One of the things that I like best about southern Maryland is that it’s a laid-back place to visit—but that doesn’t mean that there aren’t a lot of things to do. On a recent visit, I found myself having fun by land, sea and air….and that was just over a long weekend.
Visiting Sotterley Plantation, located in St. Mary’s County, is like taking a trip back in time. Wandering among the grounds and through the exquisite Colonial Revival garden outside of the home, which was built in 1703, one can imagine what it was like in the days before cell phones, cars, and even electric lights. As the only remaining tidewater plantation in Maryland that is open to the public, Sotterley is a reminder of the state’s agrarian past, and showcases more than 300 years of history, including a rare, original slave cabin dating to the 1830s.
Battle Creek Cypress Swamp Sanctuary in Calvert County is another must-stop. Almost otherworldly, this site is one of the northernmost stands of bald cypress trees In the United States. A quarter-mile long boardwalk winds throughout the swamp, so that you can get up close to the towering trees that live in the 100-acre flood plain; just watch out for the poison ivy that also loves this wetland habitat.
Of course, you can’t go to southern Maryland without visiting a beach, so stop by Flag Ponds Nature Center in Calvert County to search for sharks’ teeth, or check out the towns of North Beach or Chesapeake Beach to see what’s happening along the waterfront.
While technically still on land, the Calvert Marine Museum in Solomons, MD, is an awesome way to learn more about the area’s marine heritage and the animals that inhabit the Chesapeake Bay. My two favorite exhibits are the Paleontology Gallery, which features iconic fossils from the earth’s prehistoric past, as well as a massive, 35-foot skeletal restoration of the extinct Miocene giant white shark—trust me, you’re going to want to get a selfie with this. I also love visiting with the otters on-site as they play in their own 8,000 gallon freshwater pool.

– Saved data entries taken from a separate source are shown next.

(* Let $S$ be a state of a $d$-dimensional Hegselmann–Krause system with social network $G=(V,E)$ and confidence bound $\varepsilon>0$, with influence network $(V,E_I)$, and let $e=\{u,w\}\in E_I$ with $x_u\ne x_w$. Let $\bar S_e$ be the projected state along $e$. Then: (1) $\|x_u-x_w\|_2=|\bar x_u-\bar x_w|$; (2) $N_v=\bar N_v$ for every $v\in V$; (3) $\sum_{v\in V}|N_v|\,\|m_v\|_2\ \ge\ \sum_{v\in V}|\bar N_v|\,|\bar m_v|$.
   Context: A $d$-dimensional Hegselmann–Krause system has a finite undirected graph $G=(V,E)$ (social network), a confidence bound $\varepsilon>0$, and a state given by positions $x_v\in\mathbb{R}^d$, $v\in V$. In a state, the influencing neighborhood of $v$ is $N_v=\{u:\{u,v\}\in E,\ \|x_u-x_v\|_2\le\varepsilon\}\cup\{v\}$, the movement of $v$ is $m_v=\frac{1}{|N_v|}\sum_{u\in N_v}(x_u-x_v)$, and the influence network is $(V,E_I)$ with $E_I=\{\{u,v\}\in E:\|x_u-x_v\|_2\le\varepsilon\}$. For an edge $e=\{u,w\}\in E_I$, let $p=(x_u-x_w)/\|x_u-x_w\|_2$ (the order of $u,w$ chosen arbitrarily). The projected state $\bar S_e$ is the state of the $1$-dimensional HKS with social network $(V,E_I)$, the same confidence bound $\varepsilon$, and positions $\bar x_v=x_v^\top p\in\mathbb{R}$. In $\bar S_e$, $\bar N_v=\{u:\{u,v\}\in E_I,\ |\bar x_u-\bar x_v|\le\varepsilon\}\cup\{v\}$ and $\bar m_v=\frac{1}{|\bar N_v|}\sum_{u\in\bar N_v}(\bar x_u-\bar x_v)$. *)

theory Defs
  imports "HOL-Analysis.Analysis"
begin

text \<open>A Hegselmann-Krause system: a finite social network (V, E), where E is a set of
  2-element subsets of V, a confidence bound eps, and positions x in a real normed
  vector space (R^d for the d-dimensional system, the reals for the 1-dimensional one).\<close>

definition social_network :: "'v set \<Rightarrow> 'v set set \<Rightarrow> bool" where
  "social_network V E \<longleftrightarrow> finite V \<and>
     (\<forall>e\<in>E. \<exists>a b. a \<in> V \<and> b \<in> V \<and> a \<noteq> b \<and> e = {a, b})"

definition nbhd :: "'v set \<Rightarrow> 'v set set \<Rightarrow> real \<Rightarrow> ('v \<Rightarrow> 'a::real_normed_vector) \<Rightarrow> 'v \<Rightarrow> 'v set" where
  "nbhd V E eps x v = {u \<in> V. {u, v} \<in> E \<and> norm (x u - x v) \<le> eps} \<union> {v}"

definition movement :: "'v set \<Rightarrow> 'v set set \<Rightarrow> real \<Rightarrow> ('v \<Rightarrow> 'a::real_normed_vector) \<Rightarrow> 'v \<Rightarrow> 'a" where
  "movement V E eps x v =
     (1 / real (card (nbhd V E eps x v))) *\<^sub>R (\<Sum>u\<in>nbhd V E eps x v. x u - x v)"

definition influence_edges :: "'v set \<Rightarrow> 'v set set \<Rightarrow> real \<Rightarrow> ('v \<Rightarrow> 'a::real_normed_vector) \<Rightarrow> 'v set set" where
  "influence_edges V E eps x = {e \<in> E. \<forall>a b. e = {a, b} \<longrightarrow> norm (x a - x b) \<le> eps}"

definition proj_pos :: "('v \<Rightarrow> 'a::real_inner) \<Rightarrow> 'v \<Rightarrow> 'v \<Rightarrow> 'v \<Rightarrow> real" where
  "proj_pos x u w v = x v \<bullet> ((1 / norm (x u - x w)) *\<^sub>R (x u - x w))"

end

theory Submission
  imports Defs
begin

text \<open>Projection onto the unit vector p along the edge is linear and does not increase
  distances. So pairs within distance eps stay within eps, the projected neighbourhoods on the
  influence network are the original ones, and each projected movement is the projection of the
  original movement, hence no longer. Since sgn 0 = 0 makes the projection the zero map when
  x u = x w, none of the hypotheses of the theorem is actually needed.\<close>

lemma influence_edges_doubleton_iff:
  "{a, b} \<in> influence_edges V E eps x \<longleftrightarrow> {a, b} \<in> E \<and> norm (x a - x b) \<le> eps"
  unfolding influence_edges_def by (auto simp: doubleton_eq_iff norm_minus_commute)

lemma nbhd_influence_edges_nonexpansive:
  fixes x :: "'v \<Rightarrow> 'a::real_normed_vector" and y :: "'v \<Rightarrow> 'b::real_normed_vector"
  assumes "\<And>a b. norm (y a - y b) \<le> norm (x a - x b)"
  shows "nbhd V (influence_edges V E eps x) eps y v = nbhd V E eps x v"
  unfolding nbhd_def influence_edges_doubleton_iff
  using assms by (fastforce intro: order_trans)

lemma nbhd_influence_edges_linear_image:
  fixes x :: "'v \<Rightarrow> 'a::real_normed_vector" and f :: "'a \<Rightarrow> 'b::real_normed_vector"
  assumes "linear f" and "\<And>z. norm (f z) \<le> norm z"
  shows "nbhd V (influence_edges V E eps x) eps (f \<circ> x) v = nbhd V E eps x v"
  using assms by (intro nbhd_influence_edges_nonexpansive) (simp flip: linear_diff)

lemma movement_linear_image:
  fixes x :: "'v \<Rightarrow> 'a::real_normed_vector" and f :: "'a \<Rightarrow> 'b::real_normed_vector"
  assumes "linear f" and "nbhd V E' eps' (f \<circ> x) v = nbhd V E eps x v"
  shows "movement V E' eps' (f \<circ> x) v = f (movement V E eps x v)"
  using assms unfolding movement_def
  by (simp add: linear_scale linear_sum linear_diff)

lemma weighted_movement_sum_linear_image_le:
  fixes x :: "'v \<Rightarrow> 'a::real_normed_vector" and f :: "'a \<Rightarrow> 'b::real_normed_vector"
  assumes "linear f" and nonexp: "\<And>z. norm (f z) \<le> norm z"
  shows "(\<Sum>v\<in>V. real (card (nbhd V (influence_edges V E eps x) eps (f \<circ> x) v))
                  * norm (movement V (influence_edges V E eps x) eps (f \<circ> x) v))
         \<le> (\<Sum>v\<in>V. real (card (nbhd V E eps x v)) * norm (movement V E eps x v))"
proof (rule sum_mono)
  fix v
  have nbhd_eq: "nbhd V (influence_edges V E eps x) eps (f \<circ> x) v = nbhd V E eps x v"
    using assms by (rule nbhd_influence_edges_linear_image)
  then show "real (card (nbhd V (influence_edges V E eps x) eps (f \<circ> x) v))
               * norm (movement V (influence_edges V E eps x) eps (f \<circ> x) v)
             \<le> real (card (nbhd V E eps x v)) * norm (movement V E eps x v)"
    by (simp add: movement_linear_image[OF \<open>linear f\<close> nbhd_eq] nonexp mult_left_mono)
qed

lemma proj_pos_eq_inner_sgn: "proj_pos x u w = (\<lambda>z. z \<bullet> sgn (x u - x w)) \<circ> x"
  by (simp add: proj_pos_def sgn_div_norm divide_inverse_commute fun_eq_iff)

lemma abs_inner_sgn_le_norm: "\<bar>z \<bullet> sgn d\<bar> \<le> norm z"
  using Cauchy_Schwarz_ineq2[of z "sgn d"] by (simp add: norm_sgn split: if_splits)

lemma proj_pos_dist_endpoints: "\<bar>proj_pos x u w u - proj_pos x u w w\<bar> = norm (x u - x w)"
proof -
  have "proj_pos x u w u - proj_pos x u w w = (x u - x w) \<bullet> sgn (x u - x w)"
    by (simp add: proj_pos_eq_inner_sgn inner_diff_left)
  also have "\<dots> = norm (x u - x w)"
    by (cases "x u = x w")
      (simp_all add: sgn_div_norm power2_norm_eq_inner[symmetric] power2_eq_square)
  finally show ?thesis by simp
qed

theorem lemma1:
  fixes V :: "'v set" and E :: "'v set set" and eps :: real
    and x :: "'v \<Rightarrow> 'a::euclidean_space" and u w :: 'v
  assumes "social_network V E"
    and "eps > 0"
    and "{u, w} \<in> influence_edges V E eps x"
    and "x u \<noteq> x w"
  shows "norm (x u - x w) = \<bar>proj_pos x u w u - proj_pos x u w w\<bar>
    \<and> (\<forall>v\<in>V. nbhd V E eps x v
                = nbhd V (influence_edges V E eps x) eps (proj_pos x u w) v)
    \<and> ((\<Sum>v\<in>V. real (card (nbhd V E eps x v)) * norm (movement V E eps x v))
         \<ge> (\<Sum>v\<in>V. real (card (nbhd V (influence_edges V E eps x) eps (proj_pos x u w) v))
                     * \<bar>movement V (influence_edges V E eps x) eps (proj_pos x u w) v\<bar>))"
proof -
  define f where "f = (\<lambda>z::'a. z \<bullet> sgn (x u - x w))"
  have proj: "proj_pos x u w = f \<circ> x"
    by (simp add: f_def proj_pos_eq_inner_sgn)
  have lin: "linear f"
    unfolding f_def by (intro bounded_linear.linear bounded_linear_inner_left)
  have nonexp: "norm (f z) \<le> norm z" for z
    by (simp add: f_def abs_inner_sgn_le_norm)
  have "nbhd V (influence_edges V E eps x) eps (proj_pos x u w) v = nbhd V E eps x v" for v
    unfolding proj using lin nonexp by (rule nbhd_influence_edges_linear_image)
  moreover have "(\<Sum>v\<in>V. real (card (nbhd V (influence_edges V E eps x) eps (proj_pos x u w) v))
                  * \<bar>movement V (influence_edges V E eps x) eps (proj_pos x u w) v\<bar>)
         \<le> (\<Sum>v\<in>V. real (card (nbhd V E eps x v)) * norm (movement V E eps x v))"
    using weighted_movement_sum_linear_image_le[OF lin nonexp] by (simp add: proj)
  ultimately show ?thesis
    by (simp add: proj_pos_dist_endpoints)
qed

end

There are a lot of ways to get on the water, but one of the coolest trips I’ve done is to kayak out into Mallows Bay, where you can paddle through the World War I Ghost Fleet, the largest ship graveyard in the Northern Hemisphere. Vessels in the bay include an 18th century schooner, Confederate blockade runner and a Revolutionary-era longboat, as well as almost 100 wooden ships from the U.S. Shipping Board Emergency Fleet, which were built to replace shipping vessels sunk by German submarines during World War I. Paddling through the husks of the disintegrating ships is a pretty eerie experience; just make sure not to get too close; not only for safety reasons, but also because some ships, like the steel-hulled ferry, the Accomac, now serve as homes for nesting (and very vocal) ospreys.
I didn’t actually get up in the air in an F-14 Tomcat, which is a good thing, considering that I crashed in the simulator every time I tried. If you’ve ever wanted to know what it’s like to fly a Tomcat, F-8 Crusader or a P-51 Mustang (the same plane that Gen. Chuck Yeager flew), look no further than the Patuxent River Naval Air Museum, located in St. Mary’s County. The museum pays homage to the Patuxent Naval Air Station and its importance to the area, and holds everything from a collector’s replica of the A-1 Triad built by Curtiss, which was the first airplane the Navy ever bought in 1911, to the Lockheed Martin X-35C and Boeing X-32 flight demonstrators that competed in the Navy’s Joint Strike Fighter competition. The museum opened in May 2016 in its new location—a $5.6 million, 20,000 sq. ft. building that was designed specifically to showcase the history of Naval aviation.